Wheat can be divided into white wheat and red wheat according to different seed coat colors, and compared with white Pi Xiao wheat, the white Pi Xiao wheat has higher powder yield and better taste and is widely planted by farmers. Compared with red skin wheat, most white skin wheat varieties have lower dormancy level, and the dormancy level is a main influence factor of spike germination resistance, so Bai Pixiao wheat is more susceptible to spike germination, and larger spike germination hazard is easy to occur in the harvesting period when the wheat meets rain. The Huang Huaimai area and the middle and downstream wheat areas in the Yangtze river have more rainfall in the wheat harvesting season, and the large-scale planting of the white Pi Xiao wheat causes the spike germination disasters to be aggravated year by year. Therefore, research on molecular mechanisms of wheat anti-spike germination, and cultivation of high-quality white-skin wheat varieties with higher dormancy level and spike germination resistance are significant.

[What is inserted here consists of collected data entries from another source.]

(* For any real numbers $0\le q_1,q_2\le 1$ there exist a non-principal ultrafilter $\mathcal U$ on $\mathbb N$ and coprime natural numbers $2\le a_i<b_i$ ($i\in\mathbb N$) such that the ultraproduct $S=\prod_{\mathcal U}S_i$ of the semigroups $S_i=\{xa_i+yb_i:x,y\in\mathbb N\}$ is a (nontrivial) limit 2-semigroup with generators $a=[(a_i)]_{\mathcal U}$, $b=[(b_i)]_{\mathcal U}$ satisfying $r(b-\alpha(b),a)=q_1$ and $r(\beta_1,ab)=q_2$.
   Context: Each $S_i$ is an ordered monoid in the language $\{+,<,0\}$; a limit 2-semigroup is an ultraproduct $\prod_{\mathcal U}S_i$ over a non-principal ultrafilter $\mathcal U$ that is not isomorphic to a standard numerical semigroup, and its generators are $a=[(a_i)]_{\mathcal U}$, $b=[(b_i)]_{\mathcal U}$. In a standard 2-semigroup with generators $a<b$: $\alpha(b)$ is the largest multiple of $a$ that is $\le b$ (namely $\lfloor b/a\rfloor a$); $\beta_1$ is the least multiple of $b$ that is $\equiv1\pmod a$, i.e. $\beta_1=kb$ with $0\le k<a$, $kb\equiv 1 \pmod a$; $ab$ is the product. These are first-order definable uniformly, so they have interpretations in $S$ (coordinatewise). For elements $x\ge x'$ and $y>y'$ of $S$, the ratio is $r(x-x',y-y')=\sup\{p/q : p,q\in\mathbb Z_{\ge0},\ q\ne0,\ S\models p\,y+q\,x'\le q\,x+p\,y'\}$, where $p\,y$ denotes $y$ added to itself $p$ times; $r(x_0,y-y')$ abbreviates the case $x'=0$, $x=x_0$ (and similarly for $y$). Thus $r(b-\alpha(b),a)=\sup\{p/q: S\models p a+q\alpha(b)\le qb\}$ and $r(\beta_1,ab)=\sup\{p/q: S\models p\,ab\le q\beta_1\}$. *)

theory Defs
  imports Complex_Main
begin

definition ultrafilter_on_nat :: "nat set set \<Rightarrow> bool" where
  "ultrafilter_on_nat U \<longleftrightarrow>
     UNIV \<in> U \<and> {} \<notin> U \<and>
     (\<forall>A B. A \<in> U \<and> B \<in> U \<longrightarrow> A \<inter> B \<in> U) \<and>
     (\<forall>A B. A \<in> U \<and> A \<subseteq> B \<longrightarrow> B \<in> U) \<and>
     (\<forall>A. A \<in> U \<or> - A \<in> U)"

definition nonprincipal :: "nat set set \<Rightarrow> bool" where
  "nonprincipal U \<longleftrightarrow> (\<forall>n. {n} \<notin> U)"

definition U_ae :: "nat set set \<Rightarrow> (nat \<Rightarrow> bool) \<Rightarrow> bool" where
  "U_ae U P \<longleftrightarrow> {i. P i} \<in> U"

definition sgp2 :: "nat \<Rightarrow> nat \<Rightarrow> nat set" where
  "sgp2 a b = {x * a + y * b | x y. True}"

definition alpha_fn :: "nat \<Rightarrow> nat \<Rightarrow> nat" where
  "alpha_fn a b = (b div a) * a"

definition beta1_fn :: "nat \<Rightarrow> nat \<Rightarrow> nat" where
  "beta1_fn a b = (LEAST k. k < a \<and> (k * b) mod a = 1 mod a) * b"

(* Elements of the ultraproduct are represented by sequences f with f i \<in> S_i;
   two represent the same element iff they agree U-almost everywhere; + and 0 are
   coordinatewise and x \<le> y holds in S iff it holds U-almost everywhere. *)
definition ultra_carrier :: "(nat \<Rightarrow> nat set) \<Rightarrow> (nat \<Rightarrow> nat) set" where
  "ultra_carrier S = {f. \<forall>i. f i \<in> S i}"

(* ratio r(x - x', y - y') computed in the ultraproduct, via representatives *)
definition ultra_ratio :: "nat set set \<Rightarrow> (nat \<Rightarrow> nat) \<Rightarrow> (nat \<Rightarrow> nat) \<Rightarrow>
                           (nat \<Rightarrow> nat) \<Rightarrow> (nat \<Rightarrow> nat) \<Rightarrow> real" where
  "ultra_ratio U x x' y y' =
     Sup {real p / real q | p q. q \<noteq> 0 \<and>
            U_ae U (\<lambda>i. p * y i + q * x' i \<le> q * x i + p * y' i)}"

definition numerical_semigroup :: "nat set \<Rightarrow> bool" where
  "numerical_semigroup T \<longleftrightarrow> 0 \<in> T \<and> (\<forall>x\<in>T. \<forall>y\<in>T. x + y \<in> T) \<and> finite (- T)"

definition ultra_iso_to :: "nat set set \<Rightarrow> (nat \<Rightarrow> nat set) \<Rightarrow> nat set \<Rightarrow> bool" where
  "ultra_iso_to U S T \<longleftrightarrow> (\<exists>\<phi> :: (nat \<Rightarrow> nat) \<Rightarrow> nat.
     \<phi> ` ultra_carrier S = T \<and>
     (\<forall>f\<in>ultra_carrier S. \<forall>g\<in>ultra_carrier S. \<phi> f = \<phi> g \<longleftrightarrow> U_ae U (\<lambda>i. f i = g i)) \<and>
     (\<forall>f\<in>ultra_carrier S. \<forall>g\<in>ultra_carrier S. \<phi> (\<lambda>i. f i + g i) = \<phi> f + \<phi> g) \<and>
     \<phi> (\<lambda>i. 0) = 0 \<and>
     (\<forall>f\<in>ultra_carrier S. \<forall>g\<in>ultra_carrier S. \<phi> f < \<phi> g \<longleftrightarrow> U_ae U (\<lambda>i. f i < g i)))"

definition limit_2_semigroup :: "nat set set \<Rightarrow> (nat \<Rightarrow> nat) \<Rightarrow> (nat \<Rightarrow> nat) \<Rightarrow> bool" where
  "limit_2_semigroup U a b \<longleftrightarrow>
     \<not> (\<exists>T. numerical_semigroup T \<and> ultra_iso_to U (\<lambda>i. sgp2 (a i) (b i)) T)"

end

theory Submission
  imports Defs
begin

(* For each i choose a_i with u_i, v_i < a_i such that u_i v_i = 1 (mod a_i),
   u_i / a_i -> q1 and v_i / a_i -> q2, and put b_i = (i + 2) a_i + u_i.  Then
   b - alpha(b) = u and beta_1 = v b, so the two ratios are the limits of u_i / a_i and
   v_i / a_i along U, i.e. q1 and q2, because U contains the cofinite sets.  Since
   b_i -> oo, infinitely many distinct elements n a lie below a b, which is impossible in
   a submonoid of the naturals.  The pairs come from a polynomial identity: for
   D = 2N - k - j the numbers u = (kN + 1) N D - 1 and v = (jN - 1) N D - 1 are inverse
   modulo a = N^3 D, while u / a ~ k / N and v / a ~ j / N for any k < N and 0 < j <= N. *)

lemma inverse_pair_identity:
  fixes N k j D :: "'a::comm_ring_1"
  assumes "D + k + j = 2 * N"
  shows "((k * N + 1) * N * D - 1) * ((j * N - 1) * N * D - 1)
           = 1 + N^3 * D * (k * j * N * D + (j - k) * D - 2)"
proof -
  have "((k * N + 1) * N * D - 1) * ((j * N - 1) * N * D - 1)
          = 1 + N^3 * D * (k * j * N * D + (j - k) * D - 2) + N^2 * D * (2 * N - (D + k + j))"
    by (simp add: algebra_simps power2_eq_square power3_eq_cube)
  then show ?thesis using assms by simp
qed

lemma inverse_pair_construction:
  fixes N k j :: nat
  assumes N: "2 \<le> N" and k: "k < N" and j: "0 < j" "j \<le> N"
  defines "D \<equiv> 2 * N - k - j"
  defines "a \<equiv> N^3 * D" and "u \<equiv> (k * N + 1) * N * D - 1" and "v \<equiv> (j * N - 1) * N * D - 1"
  shows "N^2 \<le> a" and "u < a" and "v < a" and "(u * v) mod a = 1"
    and "real u / real a = (real k * N + 1) / N^2 - 1 / a"
    and "real v / real a = (real j * N - 1) / N^2 - 1 / a"
proof -
  have D: "0 < D" "D + k + j = 2 * N" using k j unfolding D_def by auto
  have "2 \<le> j * N" using N j mult_le_mono[of 1 j 2 N] by simp
  then have pos: "1 \<le> (k * N + 1) * N * D" "1 \<le> j * N" "1 \<le> (j * N - 1) * N * D"
    using N j D by (simp_all add: Suc_le_eq)
  then have u_int: "int u = (int k * int N + 1) * int N * int D - 1"
    and v_int: "int v = (int j * int N - 1) * int N * int D - 1"
    unfolding u_def v_def by (simp_all add: of_nat_diff distrib_left distrib_right)
  have "int D + int k + int j = 2 * int N" using D by linarith
  from inverse_pair_identity[OF this]
  obtain w where "int u * int v = 1 + int a * w"
    unfolding u_int v_int a_def by (metis of_nat_mult of_nat_power)
  then have "int ((u * v) mod a) = 1 mod int a" by (simp add: of_nat_mod)
  moreover show "N^2 \<le> a" using N D unfolding a_def by (simp add: power2_eq_square power3_eq_cube)
  moreover have "4 \<le> N^2" using N power_mono[OF N, of 2] by simp
  ultimately show "(u * v) mod a = 1" by simp
  have "Suc k * N \<le> N * N" using k by (intro mult_le_mono1) simp
  moreover have "j * N \<le> N * N" using j by (intro mult_le_mono1) simp
  ultimately have "k * N + 1 \<le> N * N" "j * N - 1 \<le> N * N" using N by (simp_all only: mult_Suc)
  then have "(k * N + 1) * N * D \<le> a" and "(j * N - 1) * N * D \<le> a"
    unfolding a_def power3_eq_cube by (intro mult_le_mono1; simp)+
  with pos show "u < a" "v < a" unfolding u_def v_def by linarith+
  have "real u = real_of_int (int u)" "real v = real_of_int (int v)" by simp_all
  then have ru: "real u = (real k * real N + 1) * real N * real D - 1"
    and rv: "real v = (real j * real N - 1) * real N * real D - 1"
    and ra: "real a = real N ^ 3 * real D"
    unfolding u_int v_int a_def by simp_all
  have "real N > 0" "real D > 0" using N D by simp_all
  then show "real u / real a = (real k * N + 1) / N^2 - 1 / a"
    and "real v / real a = (real j * N - 1) / N^2 - 1 / a"
    unfolding ru rv ra by (simp_all add: field_simps power2_eq_square power3_eq_cube)
qed

lemma exists_inverse_pair_near_fractions:
  fixes N k j :: nat
  assumes "2 \<le> N" "k < N" "0 < j" "j \<le> N"
  shows "\<exists>a u v. N^2 \<le> a \<and> u < a \<and> v < a \<and> (u * v) mod a = 1 \<and>
           \<bar>real u / real a - real k / real N\<bar> \<le> 1 / real N \<and>
           \<bar>real v / real a - real j / real N\<bar> \<le> 1 / real N"
proof -
  obtain a u v where pair: "N^2 \<le> a" "u < a" "v < a" "(u * v) mod a = 1"
    and u: "real u / real a = (real k * N + 1) / N^2 - 1 / a"
    and v: "real v / real a = (real j * N - 1) / N^2 - 1 / a"
    using inverse_pair_construction[OF assms] by blast
  have "real N > 0" using assms by simp
  then have u_err: "real u / real a - real k / real N = 1 / real N^2 - 1 / real a"
    and v_err: "real v / real a - real j / real N = - 1 / real N^2 - 1 / real a"
    unfolding u v by (simp_all add: field_simps power2_eq_square)
  have "real N ^ 2 \<le> real a" using pair(1) by (metis of_nat_le_iff of_nat_power)
  moreover have "0 < real a" using pair(2) by simp
  ultimately have "1 / real a \<le> 1 / real N^2" "0 < 1 / real a"
    using \<open>real N > 0\<close> by (simp_all add: frac_le)
  moreover have "2 * (1 / real N^2) \<le> 1 / real N" using assms by (simp add: field_simps power2_eq_square)
  ultimately have "\<bar>real u / real a - real k / real N\<bar> \<le> 1 / real N"
    and "\<bar>real v / real a - real j / real N\<bar> \<le> 1 / real N"
    unfolding u_err v_err abs_le_iff by linarith+
  with pair show ?thesis by blast
qed

lemma exists_nat_near_multiple:
  fixes q :: real and N :: nat
  assumes "0 \<le> q" "q \<le> 1" "0 < N"
  shows "\<exists>k<N. real k \<le> q * N \<and> q * N \<le> real k + 2"
proof (intro exI conjI)
  define k where "k = nat \<lfloor>q * real (N - 1)\<rfloor>"
  have "q * real (N - 1) \<le> real (N - 1)" using assms by (simp add: mult_left_le_one_le)
  moreover have "0 \<le> q * real (N - 1)" using assms by simp
  moreover have "q * real (N - 1) = q * N - q" using assms by (simp add: of_nat_diff algebra_simps)
  ultimately have "real k \<le> q * N - q" "q * N - q < real k + 1" "real k \<le> real (N - 1)"
    unfolding k_def by linarith+
  then show "k < N" "real k \<le> q * N" "q * N \<le> real k + 2" using assms by (simp_all add: of_nat_diff)
qed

The applicant uses whole genome association analysis and QTL localization analysis to jointly localize a new major site related to the germination resistance of white Pi Xiao wheat ears on the wheat 6BL chromosome, which is named QPhs. Ahau-6B, and localizes between 568.5Mb-575.6Mb on the 6BL chromosome in the Beijing 411 XWANXIAN white wheat RIL population, and the interval length is 7.1Mb. Based on the result, wheat 660K chip development is carried out by taking a Beijing 411 XWANXIAN white wheat RIL group as a material, one SNP (AX-94514767) on 6BL is developed into CAPS marks W1-7, and the marks EX 0623 and W1-7 which are finely positioned on wheat 6BL chromosomes in the Beijing 411 XWANXIAN white wheat RIL group are physically positioned between 574.7Mb and 575.6Mb, so that the QTL interval length is shortened to 0.9Mb from the original 7.1Mb, and the spike germination phenotype variation of 9.71% -22.90% can be explained; further, qphis.ahau-6B was validated and located in a JW120XJW27F2:3 secondary population constructed by sister line of RIL population of white wheat in Beijing 411 XWANXIA, and linked markers W1-7 and EX 06123, which can explain 21.20% and 22.90% phenotypic variation. The relationship between the different bands of W1-7 and the spike germination resistance is analyzed, and the close correlation between the bands of W1-7-a and the spike germination resistance of white Pi Xiao is found. The W1-7 mark can be used for screening white Pi Xiao wheat head germination resistant materials and molecular assisted breeding.
Disclosure of Invention
The invention aims to overcome the defects of the prior art, and provides a CAPS marker related to dormancy of strong seeds of white wheat and application thereof.
The invention is realized by adopting the following technical scheme: a CAPS marker associated with dormancy of white-skin wheat strong seeds, wherein the CAPS marker is named as W1-7, and the nucleotide sequence of W1-7 is shown as SEQ ID No. 1;
the W1-7 acts on a main effective site QPhs. Ahau-6B on the wheat 6BL chromosome, wherein the main effective site QPhs. Ahau-6B is located between 574.7Mb and 575.6Mb on the 6BL chromosome;
w1-7 includes band type W1-7-a and band type W1-7-b.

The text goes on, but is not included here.